What advice would you give to new entrants to the military / defense community?

My advice for new hires is twofold. First, employees can benefit from the many professional development opportunities available to government staff, including formal and informal training courses. Skill building is an essential element for all professionals and I think the Department of the Navy and the military sector in general offer a lot of interesting opportunities. If I had to hone the skills to hone as you progress in your career, I would recommend developing communication and leadership skills. Relationship skills are important for leaders today, and learning how to promote a positive and healthy climate through your communication and leadership style will be of great help to you.

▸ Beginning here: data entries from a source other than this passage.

(* For $\mathbf{x}\in\mathcal{B}^\Sigma_{e,n}$, $\mathbf{y}\in\mathcal{B}^\Sigma_{d,m}$ and $\mathbf{v}\in\mathcal{B}^\Sigma_{d,n}$, we have $\Delta(\mathbf{y}\cdot\mathbf{v})=\Delta(\mathbf{y})\cdot\Delta(\mathbf{v})$ and $\Delta(\mathbf{x}*\mathbf{v})=\Delta(\mathbf{x})*\Delta(\mathbf{v})$.
   Context: Let $\mathbf{k}$ be a field of characteristic $0$ and $B=\bigoplus_{d\ge0}B_d$ a commutative graded $\mathbf{k}$-algebra with $B_0=\mathbf{k}$, generated by $B_1$, $\dim B_1<\infty$. Let $\mathcal{B}^\Sigma=\bigoplus_{n,d}\mathcal{B}^\Sigma_{d,n}$ with $\mathcal{B}^\Sigma_{d,n}=(B_d^{\otimes n})^{\Sigma_n}$ ($\Sigma_n$ permuting factors). Product $\cdot$: for $f\in\mathcal{B}^\Sigma_{d,n}$, $g\in\mathcal{B}^\Sigma_{d,m}$, $f\cdot g=\sum_\sigma f\cdot_\sigma g$ where $\sigma$ runs over subsets $\{i_1<\cdots<i_n\}\subseteq[n+m]$ and $f\cdot_\sigma g$ places the factors of $f$ in positions $i_1,\dots,i_n$ and those of $g$ in the complementary positions in order (zero between different $d$). Product $*:\mathcal{B}^\Sigma_{d,n}\otimes\mathcal{B}^\Sigma_{e,n}\to\mathcal{B}^\Sigma_{d+e,n}$ is factorwise multiplication $(u_1\otimes\cdots\otimes u_n)*(v_1\otimes\cdots\otimes v_n)=u_1v_1\otimes\cdots\otimes u_nv_n$ (zero for different $n$). For fixed $d$, $\bigoplus_n\mathcal{B}^\Sigma_{d,n}$ is a free divided power algebra under $\cdot$ generated by $\mathcal{B}^\Sigma_{d,1}=B_d$; $\Delta:\mathcal{B}^\Sigma\to\mathcal{B}^\Sigma\otimes\mathcal{B}^\Sigma$ is the unique $\cdot$-algebra homomorphism with $\Delta(w)=1\otimes w+w\otimes1$ for $w\in\mathcal{B}^\Sigma_{d,1}$ (all $d$). The products $\cdot$ and $*$ are extended to $\mathcal{B}^\Sigma\otimes\mathcal{B}^\Sigma$ componentwise: $(a\otimes b)\cdot(c\otimes e)=(a\cdot c)\otimes(b\cdot e)$ and $(a\otimes b)*(c\otimes e)=(a*c)\otimes(b*e)$. *)

theory Defs
  imports "HOL-Combinatorics.Permutations"
begin

text \<open>
The graded algebra B is described by a basis of each graded piece:
B_d has basis b^d_0, ..., b^d_{dim d - 1}, and the multiplication B_d x B_e -> B_{d+e}
is given by structure constants:  b^d_i b^e_j = sum_l  c d e i j l  b^{d+e}_l.
An element of the tensor power B_d^{(tensor n)} is given by its coefficient function on
basis tuples, i.e. on lists t of length n with entries < dim d.
An element F of the big algebra B^Sigma = (+)_{d,n} (B_d^{tensor n})^{Sigma_n} is a
function  F d t  (coefficient of the basis tensor t in degree d; n = length t),
finitely supported, and symmetric under permutations of the tensor factors.
An element of B^Sigma (tensor) B^Sigma is a function  G d d' s t  (coefficient of
(basis tensor s in degree d) (tensor) (basis tensor t in degree d')).
\<close>

type_synonym 'k elt = "nat \<Rightarrow> nat list \<Rightarrow> 'k"
type_synonym 'k elt2 = "nat \<Rightarrow> nat \<Rightarrow> nat list \<Rightarrow> nat list \<Rightarrow> 'k"

definition tuples :: "(nat \<Rightarrow> nat) \<Rightarrow> nat \<Rightarrow> nat \<Rightarrow> nat list set" where
  "tuples dim d n = {s. length s = n \<and> set s \<subseteq> {..<dim d}}"

text \<open>Coordinates (in B_{length is}) of the product of degree-one basis elements b^1_i.\<close>
primrec mprod :: "(nat \<Rightarrow> nat) \<Rightarrow> (nat \<Rightarrow> nat \<Rightarrow> nat \<Rightarrow> nat \<Rightarrow> nat \<Rightarrow> 'k::field)
    \<Rightarrow> nat list \<Rightarrow> nat \<Rightarrow> 'k" where
  "mprod dim c [] = (\<lambda>l. if l = 0 then 1 else 0)"
| "mprod dim c (i # is) =
     (\<lambda>l. \<Sum>j<dim (length is). mprod dim c is j * c 1 (length is) i j l)"

text \<open>B is a commutative graded k-algebra with B_0 = k, generated by B_1
 (dim B_1 finite is automatic in this model).\<close>
definition graded_alg :: "(nat \<Rightarrow> nat) \<Rightarrow> (nat \<Rightarrow> nat \<Rightarrow> nat \<Rightarrow> nat \<Rightarrow> nat \<Rightarrow> 'k::field) \<Rightarrow> bool" where
  "graded_alg dim c \<longleftrightarrow>
     dim 0 = 1
   \<and> (\<forall>e j l. j < dim e \<longrightarrow> l < dim e \<longrightarrow> c 0 e 0 j l = (if j = l then 1 else 0))
   \<and> (\<forall>d e i j l. i < dim d \<longrightarrow> j < dim e \<longrightarrow> l < dim (d + e) \<longrightarrow> c d e i j l = c e d j i l)
   \<and> (\<forall>d e f i j k m. i < dim d \<longrightarrow> j < dim e \<longrightarrow> k < dim f \<longrightarrow> m < dim (d + e + f) \<longrightarrow>
        (\<Sum>l<dim (d + e). c d e i j l * c (d + e) f l k m)
      = (\<Sum>l<dim (e + f). c e f j k l * c d (e + f) i l m))
   \<and> (\<forall>d (w :: nat \<Rightarrow> 'k). \<exists>a :: nat list \<Rightarrow> 'k.
        \<forall>l<dim d. w l = (\<Sum>is\<in>tuples dim 1 d. a is * mprod dim c is l))"

definition perm_list :: "(nat \<Rightarrow> nat) \<Rightarrow> nat list \<Rightarrow> nat list" where
  "perm_list \<sigma> t = map (\<lambda>i. t ! \<sigma> i) [0..<length t]"

definition is_elt :: "(nat \<Rightarrow> nat) \<Rightarrow> 'k::field elt \<Rightarrow> bool" where
  "is_elt dim F \<longleftrightarrow>
     finite {(d, t). F d t \<noteq> 0}
   \<and> (\<forall>d t. F d t \<noteq> 0 \<longrightarrow> set t \<subseteq> {..<dim d})
   \<and> (\<forall>d t \<sigma>. \<sigma> permutes {..<length t} \<longrightarrow> F d (perm_list \<sigma> t) = F d t)"

definition is_hom_elt :: "(nat \<Rightarrow> nat) \<Rightarrow> nat \<Rightarrow> nat \<Rightarrow> 'k::field elt \<Rightarrow> bool" where
  "is_hom_elt dim d n F \<longleftrightarrow> is_elt dim F \<and> (\<forall>d' t. F d' t \<noteq> 0 \<longrightarrow> d' = d \<and> length t = n)"

definition is_elt2 :: "(nat \<Rightarrow> nat) \<Rightarrow> 'k::field elt2 \<Rightarrow> bool" where
  "is_elt2 dim G \<longleftrightarrow>
     finite {(d, d', s, t). G d d' s t \<noteq> 0}
   \<and> (\<forall>d d' s t. G d d' s t \<noteq> 0 \<longrightarrow> set s \<subseteq> {..<dim d} \<and> set t \<subseteq> {..<dim d'})
   \<and> (\<forall>d d' s t \<sigma>. \<sigma> permutes {..<length s} \<longrightarrow> G d d' (perm_list \<sigma> s) t = G d d' s t)
   \<and> (\<forall>d d' s t \<sigma>. \<sigma> permutes {..<length t} \<longrightarrow> G d d' s (perm_list \<sigma> t) = G d d' s t)"

definition dot :: "'k::field elt \<Rightarrow> 'k elt \<Rightarrow> 'k elt" where
  "dot F G = (\<lambda>d t. \<Sum>S\<in>Pow {..<length t}. F d (nths t S) * G d (nths t (- S)))"

definition dot2 :: "'k::field elt2 \<Rightarrow> 'k elt2 \<Rightarrow> 'k elt2" where
  "dot2 G H = (\<lambda>d d' s t. \<Sum>S\<in>Pow {..<length s}. \<Sum>T\<in>Pow {..<length t}.
      G d d' (nths s S) (nths t T) * H d d' (nths s (- S)) (nths t (- T)))"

Second, I would seek growth opportunities in your area of ​​expertise and find opportunities to expand and diversify your skills. Being able to think outside the box and offer different perspectives will help you problem solve effectively. DoD needs innovative thinking to solve tough problems, and the best way to accomplish this professional growth is to step out of your comfort zone. Look for a retail assignment, apply for jobs outside of your department, and / or volunteer for special projects if opportunities are available.

Who are the force multipliers in your community? Let us know at [email protected].